* _TASK TO CARRY OUT_: Transcribe the records below line by line, exactly as they read.

* _RECORDS TO USE_:

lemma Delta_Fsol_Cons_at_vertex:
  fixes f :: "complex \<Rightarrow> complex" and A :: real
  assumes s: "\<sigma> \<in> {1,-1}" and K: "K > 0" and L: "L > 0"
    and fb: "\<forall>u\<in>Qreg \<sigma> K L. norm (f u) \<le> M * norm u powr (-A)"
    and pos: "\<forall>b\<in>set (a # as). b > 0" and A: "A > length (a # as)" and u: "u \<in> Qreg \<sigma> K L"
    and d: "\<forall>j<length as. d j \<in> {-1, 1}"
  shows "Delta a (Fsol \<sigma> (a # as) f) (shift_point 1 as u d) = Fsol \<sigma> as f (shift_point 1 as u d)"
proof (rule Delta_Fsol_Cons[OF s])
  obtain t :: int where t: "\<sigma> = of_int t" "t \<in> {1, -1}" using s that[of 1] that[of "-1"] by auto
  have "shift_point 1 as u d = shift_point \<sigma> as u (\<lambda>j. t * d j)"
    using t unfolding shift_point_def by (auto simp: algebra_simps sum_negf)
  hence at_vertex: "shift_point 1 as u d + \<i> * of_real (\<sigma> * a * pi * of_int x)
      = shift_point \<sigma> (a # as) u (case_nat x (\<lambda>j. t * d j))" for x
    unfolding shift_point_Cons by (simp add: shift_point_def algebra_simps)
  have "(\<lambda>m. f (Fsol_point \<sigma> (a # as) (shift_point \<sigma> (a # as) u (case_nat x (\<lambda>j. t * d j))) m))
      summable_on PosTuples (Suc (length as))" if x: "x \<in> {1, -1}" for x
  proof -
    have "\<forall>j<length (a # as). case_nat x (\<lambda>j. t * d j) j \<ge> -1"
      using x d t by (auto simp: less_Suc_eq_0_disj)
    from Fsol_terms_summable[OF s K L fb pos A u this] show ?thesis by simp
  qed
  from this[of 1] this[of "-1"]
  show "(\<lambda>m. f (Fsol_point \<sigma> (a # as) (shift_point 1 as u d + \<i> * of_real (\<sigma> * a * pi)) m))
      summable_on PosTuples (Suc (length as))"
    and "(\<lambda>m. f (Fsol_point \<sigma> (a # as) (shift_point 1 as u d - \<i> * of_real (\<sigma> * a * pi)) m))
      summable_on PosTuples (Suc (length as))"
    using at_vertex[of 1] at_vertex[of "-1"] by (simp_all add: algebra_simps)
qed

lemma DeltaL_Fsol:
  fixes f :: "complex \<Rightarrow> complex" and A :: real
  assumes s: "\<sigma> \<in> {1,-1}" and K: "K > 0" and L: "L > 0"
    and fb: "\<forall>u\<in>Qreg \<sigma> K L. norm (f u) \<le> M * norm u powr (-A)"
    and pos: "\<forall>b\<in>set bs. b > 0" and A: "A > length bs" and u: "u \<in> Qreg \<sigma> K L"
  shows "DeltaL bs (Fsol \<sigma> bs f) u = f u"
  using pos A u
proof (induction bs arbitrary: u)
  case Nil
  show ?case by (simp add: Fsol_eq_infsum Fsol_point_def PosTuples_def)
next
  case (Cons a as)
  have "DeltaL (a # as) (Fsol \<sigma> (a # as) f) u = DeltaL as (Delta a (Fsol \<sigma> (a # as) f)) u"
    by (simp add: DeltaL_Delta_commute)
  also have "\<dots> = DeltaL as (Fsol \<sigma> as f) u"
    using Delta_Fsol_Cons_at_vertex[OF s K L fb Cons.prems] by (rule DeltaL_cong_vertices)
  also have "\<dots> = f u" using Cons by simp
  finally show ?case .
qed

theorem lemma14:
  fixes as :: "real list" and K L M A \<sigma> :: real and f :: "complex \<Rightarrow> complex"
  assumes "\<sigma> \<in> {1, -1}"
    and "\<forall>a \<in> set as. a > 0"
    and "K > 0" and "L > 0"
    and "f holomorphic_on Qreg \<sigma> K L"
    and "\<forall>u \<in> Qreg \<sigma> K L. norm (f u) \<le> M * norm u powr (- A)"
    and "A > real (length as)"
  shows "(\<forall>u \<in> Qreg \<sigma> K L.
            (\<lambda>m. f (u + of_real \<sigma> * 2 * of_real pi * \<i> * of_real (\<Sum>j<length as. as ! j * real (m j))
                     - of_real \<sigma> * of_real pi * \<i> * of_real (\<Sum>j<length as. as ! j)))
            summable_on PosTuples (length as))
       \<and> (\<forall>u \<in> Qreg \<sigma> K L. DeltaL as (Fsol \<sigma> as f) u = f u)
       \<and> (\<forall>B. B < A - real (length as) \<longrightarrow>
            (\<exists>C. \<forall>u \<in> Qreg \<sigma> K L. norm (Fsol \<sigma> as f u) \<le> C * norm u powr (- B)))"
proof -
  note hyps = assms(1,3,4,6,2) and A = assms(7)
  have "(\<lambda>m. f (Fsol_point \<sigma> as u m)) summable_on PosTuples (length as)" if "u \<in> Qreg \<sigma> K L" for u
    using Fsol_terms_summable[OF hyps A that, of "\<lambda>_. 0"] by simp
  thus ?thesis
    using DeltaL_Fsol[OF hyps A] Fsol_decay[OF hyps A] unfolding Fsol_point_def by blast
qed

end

* _OUTPUT OF THE TASK_:
lemma Delta_Fsol_Cons_at_vertex:
  fixes f :: "complex \<Rightarrow> complex" and A :: real
  assumes s: "\<sigma> \<in> {1,-1}" and K: "K > 0" and L: "L > 0"
    and fb: "\<forall>u\<in>Qreg \<sigma> K L. norm (f u) \<le> M * norm u powr (-A)"
    and pos: "\<forall>b\<in>set (a # as). b > 0" and A: "A > length (a # as)" and u: "u \<in> Qreg \<sigma> K L"
    and d: "\<forall>j<length as. d j \<in> {-1, 1}"
  shows "Delta a (Fsol \<sigma> (a # as) f) (shift_point 1 as u d) = Fsol \<sigma> as f (shift_point 1 as u d)"
proof (rule Delta_Fsol_Cons[OF s])
  obtain t :: int where t: "\<sigma> = of_int t" "t \<in> {1, -1}" using s that[of 1] that[of "-1"] by auto
  have "shift_point 1 as u d = shift_point \<sigma> as u (\<lambda>j. t * d j)"
    using t unfolding shift_point_def by (auto simp: algebra_simps sum_negf)
  hence at_vertex: "shift_point 1 as u d + \<i> * of_real (\<sigma> * a * pi * of_int x)
      = shift_point \<sigma> (a # as) u (case_nat x (\<lambda>j. t * d j))" for x
    unfolding shift_point_Cons by (simp add: shift_point_def algebra_simps)
  have "(\<lambda>m. f (Fsol_point \<sigma> (a # as) (shift_point \<sigma> (a # as) u (case_nat x (\<lambda>j. t * d j))) m))
      summable_on PosTuples (Suc (length as))" if x: "x \<in> {1, -1}" for x
  proof -
    have "\<forall>j<length (a # as). case_nat x (\<lambda>j. t * d j) j \<ge> -1"
      using x d t by (auto simp: less_Suc_eq_0_disj)
    from Fsol_terms_summable[OF s K L fb pos A u this] show ?thesis by simp
  qed
  from this[of 1] this[of "-1"]
  show "(\<lambda>m. f (Fsol_point \<sigma> (a # as) (shift_point 1 as u d + \<i> * of_real (\<sigma> * a * pi)) m))
      summable_on PosTuples (Suc (length as))"
    and "(\<lambda>m. f (Fsol_point \<sigma> (a # as) (shift_point 1 as u d - \<i> * of_real (\<sigma> * a * pi)) m))
      summable_on PosTuples (Suc (length as))"
    using at_vertex[of 1] at_vertex[of "-1"] by (simp_all add: algebra_simps)
qed

lemma DeltaL_Fsol:
  fixes f :: "complex \<Rightarrow> complex" and A :: real
  assumes s: "\<sigma> \<in> {1,-1}" and K: "K > 0" and L: "L > 0"
    and fb: "\<forall>u\<in>Qreg \<sigma> K L. norm (f u) \<le> M * norm u powr (-A)"
    and pos: "\<forall>b\<in>set bs. b > 0" and A: "A > length bs" and u: "u \<in> Qreg \<sigma> K L"
  shows "DeltaL bs (Fsol \<sigma> bs f) u = f u"
  using pos A u
proof (induction bs arbitrary: u)
  case Nil
  show ?case by (simp add: Fsol_eq_infsum Fsol_point_def PosTuples_def)
next
  case (Cons a as)
  have "DeltaL (a # as) (Fsol \<sigma> (a # as) f) u = DeltaL as (Delta a (Fsol \<sigma> (a # as) f)) u"
    by (simp add: DeltaL_Delta_commute)
  also have "\<dots> = DeltaL as (Fsol \<sigma> as f) u"
    using Delta_Fsol_Cons_at_vertex[OF s K L fb Cons.prems] by (rule DeltaL_cong_vertices)
  also have "\<dots> = f u" using Cons by simp
  finally show ?case .
qed

theorem lemma14:
  fixes as :: "real list" and K L M A \<sigma> :: real and f :: "complex \<Rightarrow> complex"
  assumes "\<sigma> \<in> {1, -1}"
    and "\<forall>a \<in> set as. a > 0"
    and "K > 0" and "L > 0"
    and "f holomorphic_on Qreg \<sigma> K L"
    and "\<forall>u \<in> Qreg \<sigma> K L. norm (f u) \<le> M * norm u powr (- A)"
    and "A > real (length as)"
  shows "(\<forall>u \<in> Qreg \<sigma> K L.
            (\<lambda>m. f (u + of_real \<sigma> * 2 * of_real pi * \<i> * of_real (\<Sum>j<length as. as ! j * real (m j))
                     - of_real \<sigma> * of_real pi * \<i> * of_real (\<Sum>j<length as. as ! j)))
            summable_on PosTuples (length as))
       \<and> (\<forall>u \<in> Qreg \<sigma> K L. DeltaL as (Fsol \<sigma> as f) u = f u)
       \<and> (\<forall>B. B < A - real (length as) \<longrightarrow>
            (\<exists>C. \<forall>u \<in> Qreg \<sigma> K L. norm (Fsol \<sigma> as f u) \<le> C * norm u powr (- B)))"
proof -
  note hyps = assms(1,3,4,6,2) and A = assms(7)
  have "(\<lambda>m. f (Fsol_point \<sigma> as u m)) summable_on PosTuples (length as)" if "u \<in> Qreg \<sigma> K L" for u
    using Fsol_terms_summable[OF hyps A that, of "\<lambda>_. 0"] by simp
  thus ?thesis
    using DeltaL_Fsol[OF hyps A] Fsol_decay[OF hyps A] unfolding Fsol_point_def by blast
qed

end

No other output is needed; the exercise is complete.